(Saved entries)
# # # #

locale path_exits_at_end = path_graph +
  fixes H :: "'a \<Rightarrow> 'a \<Rightarrow> bool"
  assumes path_edges_sub: "\<And>x y. path_edges ps x y \<Longrightarrow> H x y"
    and exits_at_end: "\<And>i y. i < k \<Longrightarrow> H (ps ! i) y \<Longrightarrow> path_edges ps (ps ! i) y"
begin

definition escaping_walks :: "'a \<Rightarrow> nat \<Rightarrow> 'a list set" where
  "escaping_walks x l = walks H x l - walks (path_edges ps) x l"

lemma walks_count_diff_eq_card_escaping_walks:
  assumes "finite (walks H x l)"
  shows "int (walks_count H x l) - int (walks_count (path_edges ps) x l) = int (card (escaping_walks x l))"
proof -
  have "walks (path_edges ps) x l \<subseteq> walks H x l" by (rule walks_mono[OF path_edges_sub])
  with assms show ?thesis
    unfolding walks_count_eq_card_walks escaping_walks_def
    by (simp add: card_Diff_subset card_mono finite_subset of_nat_diff)
qed

text \<open>Before its first non-path step an escaping walk from the first vertex has reached the
  last vertex, moving one position at a time, so it has visited every vertex of the path.\<close>
lemma escaping_walk_traverses_path:
  assumes ws: "ws \<in> escaping_walks (ps ! 0) l" and j: "j \<le> k"
  obtains t where "Suc t < length ws" "\<not> path_edges ps (ws ! t) (ws ! Suc t)"
    "\<And>n. n < t \<Longrightarrow> path_edges ps (ws ! n) (ws ! Suc n)"
    "\<And>n. n \<le> t \<Longrightarrow> ws ! n \<in> set ps" "\<exists>n\<le>t. ws ! n = ps ! j"
proof -
  have in_walks: "ws \<in> walks H (ps ! 0) l" and escapes: "\<not> is_walk (path_edges ps) ws"
    using ws unfolding escaping_walks_def walks_def by auto
  have "ws \<noteq> []" and start: "ws ! 0 = ps ! 0" and walk: "is_walk H ws"
    using walks_start[OF in_walks] in_walks unfolding walks_def by auto
  obtain t where t: "Suc t < length ws" "\<not> path_edges ps (ws ! t) (ws ! Suc t)"
      and before: "\<And>n. n < t \<Longrightarrow> path_edges ps (ws ! n) (ws ! Suc n)"
    using first_step_outside[OF \<open>ws \<noteq> []\<close> escapes] by blast
  have on_path: "ws ! n \<in> set ps" if "n \<le> t" for n
  proof (cases n)
    case 0
    then show ?thesis using start length_ps by simp
  next
    case (Suc n')
    then have "path_edges ps (ws ! n') (ws ! n)" using before[of n'] that by simp
    then show ?thesis by (rule path_edges_in_set[THEN conjunct2])
  qed
  define a where "a n = pos (ws ! n)" for n
  have a: "a n \<le> k \<and> ws ! n = ps ! a n" if "n \<le> t" for n
    using nth_pos on_path[OF that] unfolding a_def by simp
  have "a 0 = 0" using start pos_nth unfolding a_def by simp
  moreover have "a t = k"
  proof (rule ccontr)
    assume "a t \<noteq> k"
    with a[of t] have "a t < k" by simp
    moreover have "H (ws ! t) (ws ! Suc t)" using walk t(1) unfolding is_walk_def by simp
    ultimately have "path_edges ps (ws ! t) (ws ! Suc t)" using exits_at_end a[of t] by simp
    with t(2) show False ..
  qed
  moreover have "a (Suc n) \<le> Suc (a n)" if "n < t" for n
  proof -
    have "path_edges ps (ps ! a n) (ps ! a (Suc n))"
      using before[OF that] a[of n] a[of "Suc n"] that by simp
    then have "Suc (a n) = a (Suc n) \<or> Suc (a (Suc n)) = a n"
      using path_edges_iff a[of n] a[of "Suc n"] that by simp
    then show ?thesis by auto
  qed
  ultimately obtain n where "n \<le> t" "a n = j" using nat_discrete_ivt[of a j t] j by auto
  then have "\<exists>n\<le>t. ws ! n = ps ! j" using a by blast
  with t before on_path show thesis by (rule that)
qed

end

locale even_path_exits_at_end = path_exits_at_end +
  fixes m :: nat
  assumes k_eq: "k = 2 * m" and m_pos: "0 < m"
begin

lemma mirror_eq_middle_iff:
  assumes "i \<le> k"
  shows "mirror (ps ! i) = ps ! m \<longleftrightarrow> i = m"
  using assms k_eq mirror_nth[of i] nth_eq_iff[of "k - i" m] by auto

definition first_middle_visit :: "'a list \<Rightarrow> nat" where
  "first_middle_visit ws = (LEAST n. ws ! n = ps ! m)"

text \<open>Up to the first visit of the middle vertex an escaping walk stays on the path, and the
  mirror image of that part ends at the middle vertex again, so the result is still a walk.\<close>
definition reflect :: "'a list \<Rightarrow> 'a list" where
  "reflect ws = map mirror (take (first_middle_visit ws) ws) @ drop (first_middle_visit ws) ws"

lemma escaping_walk_first_middle_visit:
  assumes "ws \<in> escaping_walks (ps ! 0) l"
  defines "s \<equiv> first_middle_visit ws"
  shows "0 < s" "s < length ws" "ws ! s = ps ! m"
    "\<And>n. n < s \<Longrightarrow> ws ! n \<in> set ps \<and> ws ! n \<noteq> ps ! m \<and> path_edges ps (ws ! n) (ws ! Suc n)"
    "\<exists>t\<ge>s. Suc t < length ws \<and> \<not> path_edges ps (ws ! t) (ws ! Suc t)"
proof -
  have "m \<le> k" using k_eq by simp
  obtain t where t: "Suc t < length ws" "\<not> path_edges ps (ws ! t) (ws ! Suc t)"
      and before: "\<And>n. n < t \<Longrightarrow> path_edges ps (ws ! n) (ws ! Suc n)"
      and on_path: "\<And>n. n \<le> t \<Longrightarrow> ws ! n \<in> set ps"
      and "\<exists>n\<le>t. ws ! n = ps ! m"
    using escaping_walk_traverses_path[OF assms(1) \<open>m \<le> k\<close>] by blast
  then obtain n where n: "n \<le> t" "ws ! n = ps ! m" by blast
  have "s \<le> n" unfolding s_def first_middle_visit_def using n(2) by (rule Least_le)
  have middle: "ws ! s = ps ! m" unfolding s_def first_middle_visit_def using n(2) by (rule LeastI)
  have "ws ! 0 = ps ! 0"
    using assms(1) unfolding escaping_walks_def by (meson DiffD1 walks_start)
  with middle nth_eq_iff[of 0 m] \<open>m \<le> k\<close> m_pos show "0 < s" by (cases s) auto
  show "ws ! s = ps ! m" by (fact middle)
  show "s < length ws" using \<open>s \<le> n\<close> n t(1) by linarith
  show "\<exists>t\<ge>s. Suc t < length ws \<and> \<not> path_edges ps (ws ! t) (ws ! Suc t)"
    using \<open>s \<le> n\<close> n t by (intro exI[of _ t]) auto
  fix n' assume "n' < s"
  then have "ws ! n' \<noteq> ps ! m"
    unfolding s_def first_middle_visit_def by (rule not_less_Least)
  moreover have "n' < t" using \<open>n' < s\<close> \<open>s \<le> n\<close> n(1) by linarith
  ultimately show "ws ! n' \<in> set ps \<and> ws ! n' \<noteq> ps ! m \<and> path_edges ps (ws ! n') (ws ! Suc n')"
    using on_path before by simp
qed

lemma reflect_length_nth:
  assumes "ws \<in> escaping_walks (ps ! 0) l"
  shows "length (reflect ws) = length ws"
    and "n < length ws \<Longrightarrow>
      reflect ws ! n = (if n < first_middle_visit ws then mirror (ws ! n) else ws ! n)"
  using escaping_walk_first_middle_visit(2)[OF assms] unfolding reflect_def
  by (auto simp: nth_append min_def)

lemma first_middle_visit_reflect:
  assumes ws: "ws \<in> escaping_walks (ps ! 0) l"
  shows "first_middle_visit (reflect ws) = first_middle_visit ws"
  unfolding first_middle_visit_def[of "reflect ws"]
proof (rule Least_equality)
  let ?s = "first_middle_visit ws"
  note visit = escaping_walk_first_middle_visit[OF ws]
  show "reflect ws ! ?s = ps ! m" using visit(2,3) reflect_length_nth(2)[OF ws] by simp
  fix n assume n: "reflect ws ! n = ps ! m"
  show "?s \<le> n"
  proof (rule ccontr)
    assume "\<not> ?s \<le> n"
    then have "n < ?s" by simp
    with visit(4) have "ws ! n \<in> set ps" "ws ! n \<noteq> ps ! m" by auto
    moreover have "mirror (ws ! n) = ps ! m"
      using n \<open>n < ?s\<close> visit(2) reflect_length_nth(2)[OF ws] by simp
    ultimately show False using nth_pos mirror_eq_middle_iff by metis
  qed
qed

lemma reflect_escaping_walk:
  assumes ws: "ws \<in> escaping_walks (ps ! 0) l"
  shows "reflect ws \<in> escaping_walks (ps ! k) l"
proof -
  let ?s = "first_middle_visit ws"
  note visit = escaping_walk_first_middle_visit[OF ws]
  note len = reflect_length_nth(1)[OF ws] and nth = reflect_length_nth(2)[OF ws]
  have in_walks: "ws \<in> walks H (ps ! 0) l" using ws unfolding escaping_walks_def by simp
  have "ws \<noteq> []" and start: "ws ! 0 = ps ! 0" using walks_start[OF in_walks] by simp_all
  have walk: "is_walk H ws" and length: "length ws = Suc l"
    using in_walks unfolding walks_def by auto
  have "reflect ws ! 0 = ps ! k" using nth[of 0] \<open>ws \<noteq> []\<close> visit(1) start mirror_nth[of 0] by simp
  then have head: "hd (reflect ws) = ps ! k" using len length by (cases "reflect ws") auto
  have mirror_middle: "mirror (ps ! m) = ps ! m" using mirror_eq_middle_iff k_eq by simp
  have step: "H (reflect ws ! n) (reflect ws ! Suc n)" if n: "Suc n < length ws" for n
  proof (cases "Suc n \<le> ?s")
    case True
    then have "path_edges ps (mirror (ws ! n)) (mirror (ws ! Suc n))"
      using visit(4) mirror_path_edges by simp
    moreover have "reflect ws ! Suc n = mirror (ws ! Suc n)"
      using True n nth visit(3) mirror_middle by (cases "Suc n = ?s") auto
    ultimately show ?thesis using True n nth path_edges_sub by simp
  next
    case False
    then show ?thesis using n nth walk unfolding is_walk_def by simp
  qed
  obtain t where t: "?s \<le> t" "Suc t < length ws" "\<not> path_edges ps (ws ! t) (ws ! Suc t)"
    using visit(5) by blast
  then have "\<not> path_edges ps (reflect ws ! t) (reflect ws ! Suc t)" using nth by simp
  then have "\<not> is_walk (path_edges ps) (reflect ws)"
    using t(2) len unfolding is_walk_def by auto
  moreover have "is_walk H (reflect ws)"
    using step length len unfolding is_walk_def by auto
  ultimately show ?thesis
    using head len length unfolding escaping_walks_def walks_def by simp
qed
lemma has_type_replace:
  assumes "has_type L a \<sigma>" "has_type L b \<sigma>"
  shows "has_type L \<phi> \<tau> \<Longrightarrow> has_type L (replace a b \<phi>) \<tau>"
proof (induction \<phi> arbitrary: \<tau>)
  case (Atom c)
  then show ?case using assms has_type_otype_head by (metis replace.simps(1))
next
  case (Una c \<phi>)
  then show ?case using assms has_type_otype_head by (cases "Una c \<phi> = a") auto
next
  case (Bina c \<phi> \<psi>)
  then show ?case using assms has_type_otype_head by (cases "Bina c \<phi> \<psi> = a") auto
qed

lemma fragment_simps [simp]:
  "types (fragment L Op') = types L" "ftypes (fragment L Op') = ftypes L"
  "otype (fragment L Op') = otype L"
  by (simp_all add: fragment_def)

lemma has_type_fragmentD: "has_type (fragment L Op') \<phi> \<tau> \<Longrightarrow> has_type L \<phi> \<tau>"
  by (induction \<phi> arbitrary: \<tau>) (auto simp: fragment_def)

lemma inductive_property_Una_cong:
  assumes "inductive_property L SEMM semM" "c \<in> ops1 L"
    and "\<phi> \<in> Fm L (argT L c 1)" "\<phi>' \<in> Fm L (argT L c 1)" "semM \<phi> = semM \<phi>'"
  shows "semM (Una c \<phi>) = semM (Una c \<phi>')"
proof -
  obtain f where f: "\<forall>\<chi>\<in>Fm L (argT L c 1). semM (Una c \<chi>) = f (semM \<chi>)"
    using assms(1,2) unfolding inductive_property_def by (meson conjunct1 bspec)
  show ?thesis
    using f[rule_format, OF assms(3)] f[rule_format, OF assms(4)] assms(5) by simp
qed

# # # #

**Work required**
Copy every line above that includes the string "metis".

**Output below**
    ultimately show False using nth_pos mirror_eq_middle_iff by metis
  then show ?case using assms has_type_otype_head by (metis replace.simps(1))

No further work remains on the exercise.